I've been living common law with a man for 5yrs. Tuesday, 2 out of his 3 kids gave him the ultimatum...her or us. My daughter and I lost. and were asked to leave. I'm devastated and just don't know how to proceed, and have been given 2 months to leave. What do I do? Would appreciate any advice.


----------



## Jellybeans (Mar 8, 2011)

You said "her or us" -- doe sthat mean "the kids--a daughter or you?"

If he has asked you to leave, start making preparations, STAt. In fact, I wouldn't delay. Do you have a relative/friend you can stay with?


----------



## girltrax101 (May 6, 2011)

His children said to him..."pick her or us". I'm new to this thread crap and don't have a clue what I'm doing so I apologize. I did just now post more of the situation. He has asked my daughter and myself to move out....I have 2 months to stay here, I begged that for my daughter's sake....to finish the school year.


----------



## PBear (Nov 16, 2010)

What is this, Survivor?

One might ask... Why don't they want you and your daughter there?

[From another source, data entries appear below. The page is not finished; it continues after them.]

(* With the notation of the context, let $0\le\lambda_{k-1}<\lambda_k\le1$, and let $x$ solve $\frac{dx}{d\lambda}=A(\lambda)x+b(\lambda)$ on $[\lambda_{k-1},\lambda_k]$. Set $s_{i,k}=\sqrt{1+\lambda_k\alpha_i}$, $s_{i,k-1}=\sqrt{1+\lambda_{k-1}\alpha_i}$. Then $$x(\lambda_k)=\big(I+E\,\Omega_k F^\top\big)x(\lambda_{k-1})+E\,c_k,$$ where $\Omega_k=\mathrm{diag}(\Omega_{ii,k})$ with $\Omega_{ii,k}=\dfrac{s_{i,k-1}/s_{i,k}-1}{\alpha_i}$, and $c_k\in\mathbb{R}^{n_z}$ has entries $$c_{i,k}=\frac{\alpha_i\tilde z_i\,(\lambda_k s_{i,k-1}-\lambda_{k-1}s_{i,k})+\tilde x_i\,(s_{i,k-1}-s_{i,k})}{\alpha_i\,s_{i,k}^2\,s_{i,k-1}}.$$ In particular $I+E\Omega_kF^\top=\exp\!\big(\int_{\lambda_{k-1}}^{\lambda_k}A(\mu)\,d\mu\big)$.
   Context: $P\in\mathbb{R}^{n_x\times n_x}$, $R\in\mathbb{R}^{n_z\times n_z}$ symmetric positive definite, $H\in\mathbb{R}^{n_z\times n_x}$ of full row rank (held fixed over the interval), $\bar x\in\mathbb{R}^{n_x}$, $z\in\mathbb{R}^{n_z}$. $R^{-1/2}$ is the inverse of the symmetric positive definite square root of $R$. $A(\lambda)=-\tfrac12 PH^\top(\lambda HPH^\top+R)^{-1}H$, $b(\lambda)=(I+2\lambda A(\lambda))\big[(I+\lambda A(\lambda))PH^\top R^{-1}z+A(\lambda)\bar x\big]$. Let $D=R^{-1/2}HPH^\top R^{-1/2}=V\Lambda V^\top$ with $V$ orthogonal, $\Lambda=\mathrm{diag}(\alpha_1,\dots,\alpha_{n_z})$, $\alpha_i>0$; $E=PH^\top R^{-1/2}V$, $F^\top=V^\top R^{-1/2}H$, $\tilde z=V^\top R^{-1/2}z$, $\tilde x=F^\top\bar x$. *)

theory Defs
  imports "HOL-Analysis.Analysis"
begin

definition sym_mat :: "real^'n^'n \<Rightarrow> bool" where
  "sym_mat M \<longleftrightarrow> transpose M = M"

definition pos_def :: "real^'n^'n \<Rightarrow> bool" where
  "pos_def M \<longleftrightarrow> sym_mat M \<and> (\<forall>v. v \<noteq> 0 \<longrightarrow> v \<bullet> (M *v v) > 0)"

definition mat_sqrt :: "real^'n^'n \<Rightarrow> real^'n^'n" where
  "mat_sqrt R = (THE S. pos_def S \<and> S ** S = R)"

Or are you just wondering what to do with regards to moving out?

As far as moving out goes, talking to a lawyer to find out what your rights and obligations are would be a good first step. If you've only been together for 5 years, there might not be too much help available from him, unless he's willing to voluntarily help. Do you have the resources to move out on your own, like a job, some money set aside, etc? Or as JB says, family or friends? Does he own the house in his name, or is it jointly owned (or rented)?

C


----------



## PBear (Nov 16, 2010)

Sorry, saw on the other thread what's up... I agree with the other posters there. My other advice still stands.

C


----------



## magnoliagal (Mar 30, 2011)

I don't know but this just solidifies my opinion that this man is a piece of crap. Please don't ever take him back.


----------